(* Let $G$ be a finite simple graph that is $(P_3\cup P_2,K_4)$-free. Let $D_1=\{x\in V(G): \omega(G-N(x))\le 2\}$. If the induced subgraph $G[D_1]$ contains an induced subgraph isomorphic to $P_2\cup P_1$, then $\chi(G)\le 7$.
   Context: $P_n$ is the path on $n$ vertices, $K_4$ the complete graph on $4$ vertices, $\cup$ disjoint union. "Free"/"contains" refer to induced subgraphs. $N(x)$ is the (open) neighborhood of $x$, and $G-N(x)$ is the subgraph induced by $V(G)\setminus N(x)$. $\omega$ denotes clique number and $\chi$ chromatic number. *)

theory Defs
  imports Main
begin

text \<open>A finite simple graph is given by a finite vertex set V and a symmetric,
irreflexive adjacency relation E (only its restriction to V matters).\<close>

definition simple_graph :: "'a set \<Rightarrow> ('a \<Rightarrow> 'a \<Rightarrow> bool) \<Rightarrow> bool" where
  "simple_graph V E \<longleftrightarrow> finite V \<and> (\<forall>u v. E u v \<longrightarrow> E v u) \<and> (\<forall>v. \<not> E v v)"

definition contains_induced ::
  "'a set \<Rightarrow> ('a \<Rightarrow> 'a \<Rightarrow> bool) \<Rightarrow> 'b set \<Rightarrow> ('b \<Rightarrow> 'b \<Rightarrow> bool) \<Rightarrow> bool" where
  "contains_induced V E VH EH \<longleftrightarrow>
     (\<exists>f. inj_on f VH \<and> f ` VH \<subseteq> V \<and> (\<forall>u\<in>VH. \<forall>v\<in>VH. E (f u) (f v) \<longleftrightarrow> EH u v))"

definition free_of ::
  "'a set \<Rightarrow> ('a \<Rightarrow> 'a \<Rightarrow> bool) \<Rightarrow> 'b set \<Rightarrow> ('b \<Rightarrow> 'b \<Rightarrow> bool) \<Rightarrow> bool" where
  "free_of V E VH EH \<longleftrightarrow> \<not> contains_induced V E VH EH"

definition P3_P2_V :: "nat set" where "P3_P2_V = {0,1,2,3,4}"
definition P3_P2_E :: "nat \<Rightarrow> nat \<Rightarrow> bool" where
  "P3_P2_E u v \<longleftrightarrow> {u,v} = {0,1} \<or> {u,v} = {1,2} \<or> {u,v} = {3,4}"

definition K4_V :: "nat set" where "K4_V = {0,1,2,3}"
definition K4_E :: "nat \<Rightarrow> nat \<Rightarrow> bool" where "K4_E u v \<longleftrightarrow> u \<noteq> v"

definition P2_P1_V :: "nat set" where "P2_P1_V = {0,1,2}"
definition P2_P1_E :: "nat \<Rightarrow> nat \<Rightarrow> bool" where
  "P2_P1_E u v \<longleftrightarrow> {u,v} = {0,1}"

definition nbhd :: "'a set \<Rightarrow> ('a \<Rightarrow> 'a \<Rightarrow> bool) \<Rightarrow> 'a \<Rightarrow> 'a set" where
  "nbhd V E x = {y \<in> V. E x y}"

definition is_clique :: "'a set \<Rightarrow> ('a \<Rightarrow> 'a \<Rightarrow> bool) \<Rightarrow> 'a set \<Rightarrow> bool" where
  "is_clique V E S \<longleftrightarrow> S \<subseteq> V \<and> (\<forall>u\<in>S. \<forall>v\<in>S. u \<noteq> v \<longrightarrow> E u v)"

definition clique_number :: "'a set \<Rightarrow> ('a \<Rightarrow> 'a \<Rightarrow> bool) \<Rightarrow> nat" where
  "clique_number V E = Max {card S | S. is_clique V E S}"

definition proper_colouring :: "'a set \<Rightarrow> ('a \<Rightarrow> 'a \<Rightarrow> bool) \<Rightarrow> nat \<Rightarrow> ('a \<Rightarrow> nat) \<Rightarrow> bool" where
  "proper_colouring V E k c \<longleftrightarrow> (\<forall>v\<in>V. c v < k) \<and> (\<forall>u\<in>V. \<forall>v\<in>V. E u v \<longrightarrow> c u \<noteq> c v)"

definition chromatic_number :: "'a set \<Rightarrow> ('a \<Rightarrow> 'a \<Rightarrow> bool) \<Rightarrow> nat" where
  "chromatic_number V E = (LEAST k. \<exists>c. proper_colouring V E k c)"

end

theory Submission
  imports Defs
begin

text \<open>Take an induced copy of P2 + P1 inside D1: an edge ab and a vertex c adjacent to
neither. For x in D1 the graph G - N(x) is triangle-free, so N(y) - N(x) is independent
whenever y is not adjacent to x; K4-freeness makes the common neighbourhood of a and b
independent. Hence N(a) \<inter> N(b), N(a) - N(c), N(b) - N(c), N(c) - N(a) and N(c) - N(b)
are five independent sets covering N(a) \<union> N(b) \<union> N(c). Among the remaining vertices, one
with two neighbours would give a triangle in G - N(a) or, together with the edge ab, an
induced P3 + P2; so they induce a matching, which needs two more colours.\<close>

definition independent_set :: "('a \<Rightarrow> 'a \<Rightarrow> bool) \<Rightarrow> 'a set \<Rightarrow> bool" where
  "independent_set E S \<longleftrightarrow> (\<forall>u\<in>S. \<forall>v\<in>S. \<not> E u v)"

definition colourable :: "'a set \<Rightarrow> ('a \<Rightarrow> 'a \<Rightarrow> bool) \<Rightarrow> nat \<Rightarrow> bool" where
  "colourable V E k \<longleftrightarrow> (\<exists>c. proper_colouring V E k c)"

lemma chromatic_number_le:
  assumes "colourable V E k"
  shows "chromatic_number V E \<le> k"
  using assms unfolding colourable_def chromatic_number_def by (blast intro: Least_le)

_TASK INSTRUCTIONS_
Pull together all lines from the data that mention the word "vertex".

_RESPONSE_
text \<open>A finite simple graph is given by a finite vertex set V and a symmetric,
text \<open>Take an induced copy of P2 + P1 inside D1: an edge ab and a vertex c adjacent to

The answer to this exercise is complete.